Until now, there wasn't much reason to question a professor's right to own the courses he or she creates. The law holds that “faculty-taught courses fall outside the work-for-hire doctrine of copyright law where the employer owns an employee’s creations,” according to the American Council on Education. But since the explosive popularity of MOOCs, universities stand something to gain by retaining ownership over a course even without the original professor. Though some super-star teachers attract potential students on their own, more often than not students choose a course based on the institution offering it.

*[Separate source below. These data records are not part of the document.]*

lemma has_integral_inverse_shifted:
  fixes a b p :: real
  assumes "a \<le> b" and "p \<notin> {a..b}"
  shows "((\<lambda>q. 1 / (q - p)) has_integral ln \<bar>(p - b) / (p - a)\<bar>) {a..b}"
proof -
  have pos: "(p - q) / (p - a) > 0" if "q \<in> {a..b}" for q
    using assms that by (auto simp: zero_less_divide_iff)
  have "((\<lambda>q. 1 / (q - p)) has_integral ln ((p - b) / (p - a)) - ln ((p - a) / (p - a))) {a..b}"
  proof (rule fundamental_theorem_of_calculus)
    fix x assume x: "x \<in> {a..b}"
    have "p - x \<noteq> 0" "p - a \<noteq> 0"
      using assms x by auto
    then have "((\<lambda>q. ln ((p - q) / (p - a))) has_real_derivative 1 / (x - p)) (at x within {a..b})"
      using pos[OF x]
      by (auto intro!: derivative_eq_intros) (simp add: divide_simps, simp add: algebra_simps)
    then show "((\<lambda>q. ln ((p - q) / (p - a))) has_vector_derivative 1 / (x - p)) (at x within {a..b})"
      by (simp add: has_real_derivative_iff_has_vector_derivative)
  qed (use assms in auto)
  moreover have "p - a \<noteq> 0"
    using assms by auto
  ultimately show ?thesis
    using abs_of_pos[OF pos[of b]] assms by simp
qed

lemma has_integral_inverse_shifted_squared:
  fixes a b p :: real
  assumes "a \<le> b" and "p \<notin> {a..b}"
  shows "((\<lambda>q. 1 / (q - p) * (1 / (q - p))) has_integral (b - a) / ((p - a) * (p - b))) {a..b}"
proof -
  have "((\<lambda>q. 1 / (q - p) * (1 / (q - p))) has_integral (- 1 / (b - p)) - (- 1 / (a - p))) {a..b}"
  proof (rule fundamental_theorem_of_calculus)
    fix x assume "x \<in> {a..b}"
    then have "x - p \<noteq> 0" using assms by auto
    then show "((\<lambda>q. - 1 / (q - p)) has_vector_derivative 1 / (x - p) * (1 / (x - p))) (at x within {a..b})"
      unfolding has_real_derivative_iff_has_vector_derivative[symmetric]
      by (auto intro!: derivative_eq_intros simp: power2_eq_square)
  qed (use assms in auto)
  moreover have "p - a \<noteq> 0" "p - b \<noteq> 0"
    using assms by auto
  then have "(- 1 / (b - p)) - (- 1 / (a - p)) = (b - a) / ((p - a) * (p - b))"
    by (simp add: field_simps)
  ultimately show ?thesis by simp
qed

Thus, the debate has entered the finer points of intellectual property law. Back to the American Council on Education:

There are some circumstances in which course content might be appropriated to the institution. If the institution provides the faculty member with the title of the course, required reading and assignments for students, and a course syllabus, essentially treating the faculty member as a “conveyor” of information to a mass of people, then the online course and its content may not belong to the professor…The law considers the extent to which an institution’s resources contributed to a faculty member’s output; because of the greater degree of reliance on these resources in the MOOC context, an institution may have a greater claim to the course and its content.

The business of independent MOOC providers is also throwing a wrench in traditional faculty intellectual property rights. Courseca, a for-profit company, signs contracts with universities to offer their courses online. These contracts can indirectly mean professors are signing away their rights to the course they created, the Santa Cruz Faculty Association argued recently. According to the union, this model could mean a total overhaul of the current terms of faculty employment. Say hello to years of collective bargaining.

In the end, it’s up to universities and faculty to come to an agreement—never something that happens easily or quickly.  Until then, the fight is sure to rage on, with Nelson leading the charge. "Money is not what the battle is over," he told the AAUP. "It is over principle. It is over one's right to decide what happens to the things you create."

It’s also over realizing you could be the next jobless victim of the digital revolution, and fighting to hold on as long as possible.